Read Death of a Six-Foot Teddy Bear Online
Authors: Sharon Dunn
Tags: #Fiction, #Mystery & Detective, #Women Sleuths, #General, #Christian, #Suspense
The coffee shop buzzed with late-night activity. The seat beside her was the last unoccupied one in the house. Through the window, she could see Suzanne and Kindra resting on a bench, surrounded by shopping bags.
Arleta looked at the woman over the top of her glasses. She had had twenty-twenty vision all her life, and now at seventy-six, she had to break down and get these geezer glasses. She took comfort in the fact that the spectacles were just for reading and that they had jewels on them.
The woman slumped into the chair beside Arleta. Her leather jacket had a patch on it that made reference to a Christian motorcycle organization. “I like your glasses.”
Arleta touched the rhinestones on her cats-eye frame. “If you’re going to go blind, you might as well go blind in style.”
“I won’t bother you for long.” The woman angled her head to get a better view of the counter. “They’re a little backed up. I’m just waiting for my hot tea and Italian soda. I get tired if I stand too long.” The woman took her hat off. The clarity in her eyes overpowered her distorted features. The effect was subtle, but it looked as though her skin had been pulled and stretched over her skull.
The woman touched Arleta’s wrist. Her fingers were puffy and blue. “I’m sorry. I didn’t mean to freak you out. I have a disease that causes my skin to thicken and my hair to get thinner.” Her lips seemed frozen.
“You didn’t—” She must have shrunk back from the woman without realizing it. “Okay, you did freak me out … a little.”
The woman laughed a sort of trilling laugh, like birds singing. “I’ve been looking at this face in the mirror for a while. I forget that it shocks other people.” She put the hat back on. “So are you from Calamity?”
“Just visiting. We came for the outlet shopping, and one of my friends has a husband who was supposed to do the Inventor’s Expo.”

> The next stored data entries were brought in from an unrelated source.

lemma twice_differentiable_add:
  fixes f g :: "'a::euclidean_space \<Rightarrow> 'b::real_normed_vector"
  assumes f: "twice_differentiable f" and g: "twice_differentiable g"
  shows "twice_differentiable (\<lambda>z. f z + g z)"
proof -
  have "Blinfun (frechet_derivative (\<lambda>z. f z + g z) (at z))
      = Blinfun (frechet_derivative f (at z)) + Blinfun (frechet_derivative g (at z))" for z
  proof -
    have D: "((\<lambda>z. f z + g z) has_derivative
        (\<lambda>v. frechet_derivative f (at z) v + frechet_derivative g (at z) v)) (at z)"
      by (intro has_derivative_add twice_differentiable_has_derivative f g)
    show ?thesis
      unfolding frechet_derivative_at[OF D, symmetric]
      by (rule blinfun_eqI)
         (simp add: plus_blinfun.rep_eq bounded_linear_Blinfun_apply has_derivative_bounded_linear[OF D]
           twice_differentiable_Blinfun_apply f g)
  qed
  then show ?thesis
    using f g unfolding twice_differentiable_def by (auto intro: differentiable_add)
qed

lemma twice_differentiable_bounded_linear_compose:
  fixes f :: "'a::euclidean_space \<Rightarrow> 'b::real_normed_vector" and b :: "'b \<Rightarrow> 'c::real_normed_vector"
  assumes f: "twice_differentiable f" and b: "bounded_linear b"
  shows "twice_differentiable (\<lambda>z. b (f z))"
proof -
  have D: "((\<lambda>z. b (f z)) has_derivative (\<lambda>v. b (frechet_derivative f (at z) v))) (at z)" for z
    by (rule bounded_linear.has_derivative[OF b twice_differentiable_has_derivative[OF f]])
  have "Blinfun (frechet_derivative (\<lambda>z. b (f z)) (at z))
      = Blinfun b o\<^sub>L Blinfun (frechet_derivative f (at z))" for z
    unfolding frechet_derivative_at[OF D, symmetric]
    by (rule blinfun_eqI)
       (simp add: blinfun_compose.rep_eq bounded_linear_Blinfun_apply b has_derivative_bounded_linear[OF D]
         twice_differentiable_Blinfun_apply f)
  moreover have "(\<lambda>z. Blinfun b o\<^sub>L Blinfun (frechet_derivative f (at z))) differentiable (at x)" for x
  proof -
    obtain D where "((\<lambda>z. Blinfun (frechet_derivative f (at z))) has_derivative D) (at x)"
      using f unfolding twice_differentiable_def differentiable_def by blast
    from bounded_linear.has_derivative[OF
        bounded_bilinear.bounded_linear_right[OF bounded_bilinear_blinfun_compose] this]
    show ?thesis unfolding differentiable_def by blast
  qed
  ultimately show ?thesis using D unfolding twice_differentiable_def differentiable_def by auto
qed

lemma has_derivative_dir_le:
  fixes f :: "'a::real_normed_vector \<Rightarrow> 'b::real_normed_vector"
  assumes der: "(f has_derivative f') (at x)" and e: "\<epsilon> > 0"
  shows "\<exists>\<delta>>0. \<forall>t. 0 < t \<and> t < \<delta> \<longrightarrow> norm (f (x + t *\<^sub>R d) - f x - t *\<^sub>R f' d) \<le> \<epsilon> * t"
proof -
  have ne: "norm d + 1 > 0" using norm_ge_zero[of d] by linarith
  obtain \<delta> where \<delta>: "\<delta> > 0" "\<forall>y. norm (y - x) < \<delta> \<longrightarrow>
      norm (f y - f x - f' (y - x)) \<le> \<epsilon> / (norm d + 1) * norm (y - x)"
    using der e ne unfolding has_derivative_at_alt by (metis divide_pos_pos)
  show ?thesis
  proof (intro exI[of _ "\<delta> / (norm d + 1)"] conjI allI impI)
    show "\<delta> / (norm d + 1) > 0" using \<delta>(1) ne by simp
    fix t assume t: "0 < t \<and> t < \<delta> / (norm d + 1)"
    then have "t * (norm d + 1) < \<delta>" using ne by (simp add: pos_less_divide_eq)
    then have "t * norm d < \<delta>" using t by (simp add: distrib_left)
    then have "norm (f (x + t *\<^sub>R d) - f x - f' (t *\<^sub>R d)) \<le> \<epsilon> / (norm d + 1) * (t * norm d)"
      using \<delta>(2)[rule_format, of "x + t *\<^sub>R d"] t by simp
    also have "\<dots> = \<epsilon> * t * (norm d / (norm d + 1))" by simp
    also have "\<dots> \<le> \<epsilon> * t * 1"
      using e t ne by (intro mult_left_mono) auto
    finally show "norm (f (x + t *\<^sub>R d) - f x - t *\<^sub>R f' d) \<le> \<epsilon> * t"
      by (simp add: linear_cmul[OF has_derivative_linear[OF der]])
  qed
qed

lemma has_derivative_dir_quotient_seq:
  fixes f :: "'a::real_normed_vector \<Rightarrow> 'b::real_normed_vector"
  assumes der: "(f has_derivative f') (at x)" and t: "\<And>k. 0 < t k" "t \<longlonglongrightarrow> 0"
  shows "(\<lambda>k. (1 / t k) *\<^sub>R (f (x + t k *\<^sub>R d) - f x)) \<longlonglongrightarrow> f' d"
proof (rule tendstoI)
  fix \<epsilon> :: real assume "\<epsilon> > 0"
  then obtain \<delta> where \<delta>: "\<delta> > 0"
    "\<forall>s. 0 < s \<and> s < \<delta> \<longrightarrow> norm (f (x + s *\<^sub>R d) - f x - s *\<^sub>R f' d) \<le> \<epsilon> / 2 * s"
    using has_derivative_dir_le[OF der, of "\<epsilon> / 2" d] by auto
  have "eventually (\<lambda>k. dist (t k) 0 < \<delta>) sequentially" by (rule tendstoD[OF t(2) \<delta>(1)])
  then show "eventually (\<lambda>k. dist ((1 / t k) *\<^sub>R (f (x + t k *\<^sub>R d) - f x)) (f' d) < \<epsilon>) sequentially"
  proof eventually_elim
    case (elim k)
    have "(1 / t k) *\<^sub>R (f (x + t k *\<^sub>R d) - f x) - f' d
        = (1 / t k) *\<^sub>R (f (x + t k *\<^sub>R d) - f x - t k *\<^sub>R f' d)"
      using t(1)[of k] by (simp add: algebra_simps)
    moreover have "norm (f (x + t k *\<^sub>R d) - f x - t k *\<^sub>R f' d) \<le> \<epsilon> / 2 * t k"
      using \<delta>(2) t(1)[of k] elim by simp
    ultimately show ?case
      using mult_pos_pos[OF \<open>\<epsilon> > 0\<close> t(1)[of k]] t(1)[of k]
      by (simp add: dist_norm pos_divide_less_eq)
  qed
qed

lemma has_derivative_in_closed_subspace:
  fixes f :: "'a::real_normed_vector \<Rightarrow> 'b::real_normed_vector"
  assumes der: "(f has_derivative f') (at x)" and S: "closed S" "subspace S" and fS: "\<And>z. f z \<in> S"
  shows "f' d \<in> S"
proof (rule closed_sequentially[OF S(1)])
  show "(\<lambda>k. (1 / inverse (real (Suc k))) *\<^sub>R (f (x + inverse (real (Suc k)) *\<^sub>R d) - f x)) \<longlonglongrightarrow> f' d"
    by (rule has_derivative_dir_quotient_seq[OF der _ LIMSEQ_inverse_real_of_nat]) simp
qed (use S(2) fS in \<open>auto intro: subspace_scale subspace_diff\<close>)

lemma second_dir_deriv_in_closed_subspace:
  fixes f :: "'a::euclidean_space \<Rightarrow> 'b::real_normed_vector"
  assumes f: "twice_differentiable f" and S: "closed S" "subspace S" and fS: "\<And>z. f z \<in> S"
  shows "second_dir_deriv f x d \<in> S"
proof -
  let ?D = "\<lambda>z. Blinfun (frechet_derivative f (at z))"
  have "(?D has_derivative frechet_derivative ?D (at x)) (at x)"
    using f unfolding twice_differentiable_def frechet_derivative_works by blast
  then have "((\<lambda>z. blinfun_apply (?D z) d) has_derivative
      (\<lambda>h. blinfun_apply (frechet_derivative ?D (at x) h) d)) (at x)"
    by (rule bounded_linear.has_derivative[OF
        bounded_bilinear.bounded_linear_left[OF bounded_bilinear_blinfun_apply]])
  moreover have "blinfun_apply (?D z) d \<in> S" for z
    using has_derivative_in_closed_subspace[OF twice_differentiable_has_derivative[OF f] S fS]
    by (simp add: twice_differentiable_Blinfun_apply[OF f])
  ultimately show ?thesis
    unfolding second_dir_deriv_def by (rule has_derivative_in_closed_subspace[OF _ S])
qed

lemma norm_le_of_derivative_bound:
  fixes r :: "real \<Rightarrow> 'b::real_normed_vector"
  assumes "\<And>s. s \<in> {0..t} \<Longrightarrow> norm (r' s) \<le> B"
    and "\<And>s. (r has_derivative (\<lambda>h. h *\<^sub>R r' s)) (at s within {0..t})"
    and "0 \<le> t" "r 0 = 0"
  shows "norm (r t) \<le> B * t"
proof -
  have "onorm (\<lambda>h. h *\<^sub>R r' s) = norm (r' s)" for s
    using onorm_scaleR_left[OF bounded_linear_ident, of "r' s"] onorm_id[where 'a=real] by simp
  then have "norm (r t - r 0) \<le> B * norm (t - 0)"
    using assms(1-3) by (intro differentiable_bound[of "{0..t}" r "\<lambda>s h. h *\<^sub>R r' s"]) auto
  then show ?thesis using assms(3,4) by simp
qed

lemma derivative_along_parabola_le:
  fixes f :: "'a::euclidean_space \<Rightarrow> 'b::real_normed_vector"
  assumes f: "twice_differentiable f" and \<eta>: "\<eta> > 0"
  defines "D \<equiv> \<lambda>z. Blinfun (frechet_derivative f (at z))"
  shows "\<exists>\<delta>>0. \<forall>s. 0 < s \<and> s < \<delta> \<longrightarrow>
    norm (D (x + s *\<^sub>R d + (s\<^sup>2 / 2) *\<^sub>R w) - D x - s *\<^sub>R frechet_derivative D (at x) d) \<le> \<eta> * s"
proof -
  define p where "p s = x + s *\<^sub>R d + (s\<^sup>2 / 2) *\<^sub>R w" for s :: real
  have hD: "(D has_derivative frechet_derivative D (at x)) (at x)"
    using f unfolding twice_differentiable_def frechet_derivative_works D_def by simp
  then have "(D has_derivative frechet_derivative D (at x)) (at (p 0))" by (simp add: p_def)
  moreover have "(p has_derivative (\<lambda>h. h *\<^sub>R d)) (at 0)"
    unfolding p_def by (auto intro!: derivative_eq_intros)
  ultimately have "((\<lambda>s. D (p s)) has_derivative (\<lambda>h. frechet_derivative D (at x) (h *\<^sub>R d))) (at 0)"
    by (rule has_derivative_compose[rotated])
  from has_derivative_dir_le[OF this \<eta>, of 1] show ?thesis
    by (simp add: p_def linear_cmul[OF has_derivative_linear[OF hD]])
qed

lemma parabola_remainder_has_derivative:
  fixes f :: "'a::euclidean_space \<Rightarrow> 'b::real_normed_vector"
  assumes f: "twice_differentiable f"
  defines "f' \<equiv> \<lambda>z. frechet_derivative f (at z)"
  shows "((\<lambda>s. f (x + s *\<^sub>R d + (s\<^sup>2 / 2) *\<^sub>R w) - f x - s *\<^sub>R f' x d - (s\<^sup>2 / 2) *\<^sub>R V) has_derivative
      (\<lambda>h. h *\<^sub>R (f' (x + s *\<^sub>R d + (s\<^sup>2 / 2) *\<^sub>R w) (d + s *\<^sub>R w) - f' x d - s *\<^sub>R V))) (at s within S)"
proof -
  let ?p = "\<lambda>s. x + s *\<^sub>R d + (s\<^sup>2 / 2) *\<^sub>R w"
  have "(?p has_derivative (\<lambda>h. h *\<^sub>R (d + s *\<^sub>R w))) (at s within S)"
    by (auto intro!: derivative_eq_intros simp: algebra_simps power2_eq_square)
  then have fp: "((\<lambda>s. f (?p s)) has_derivative (\<lambda>h. f' (?p s) (h *\<^sub>R (d + s *\<^sub>R w)))) (at s within S)"
    unfolding f'_def by (rule has_derivative_compose[OF _ twice_differentiable_has_derivative[OF f]])
  have sq: "((\<lambda>s. (s\<^sup>2 / 2) *\<^sub>R V) has_derivative (\<lambda>h. (h * s) *\<^sub>R V)) (at s within S)"
    by (auto intro!: derivative_eq_intros simp: algebra_simps power2_eq_square)
  have "((\<lambda>s. f (?p s) - f x - s *\<^sub>R f' x d - (s\<^sup>2 / 2) *\<^sub>R V) has_derivative
      (\<lambda>h. f' (?p s) (h *\<^sub>R (d + s *\<^sub>R w)) - 0 - h *\<^sub>R f' x d - (h * s) *\<^sub>R V)) (at s within S)"
    by (rule has_derivative_diff[OF has_derivative_diff[OF has_derivative_diff[OF fp has_derivative_const]
          has_derivative_scaleR_left[OF has_derivative_ident]] sq])
  moreover have "f' (?p s) (h *\<^sub>R (d + s *\<^sub>R w)) = h *\<^sub>R f' (?p s) (d + s *\<^sub>R w)" for h
    unfolding f'_def
    by (rule linear_cmul[OF has_derivative_linear[OF twice_differentiable_has_derivative[OF f]]])
  ultimately show ?thesis by (simp add: algebra_simps)
qed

“I live in northern Nevada. Came here to have a talk with my ex-husband about our son. I don’t know why I’m telling you this.” The woman shifted slightly in her chair. “I don’t know anyone else in this town, and you have a kind face. I have to have one of those difficult talks with my ex. I’m meeting him at a bench out by the gondolas. This place is so busy all the time. He said it would be quieter out by the lake. I’m sorry, I am babbling because I’m nervous.”
Arleta patted her hand. “It’s all right.”
The woman traced the grain of the wood in the table. Her finger moved in slow hypnotic circles. “I suppose it all happens for a reason, even these difficult talks. It all works together for good. That’s what God says, anyway.”
Arleta straightened in her chair. “That God guy again.”
“What do you mean?”
“You ever feel like God has your phone number, and He just keeps hitting redial?”
“Oh yeah.”
A man behind the counter yelled, “Number sixty-four, Italian soda and mint tea.”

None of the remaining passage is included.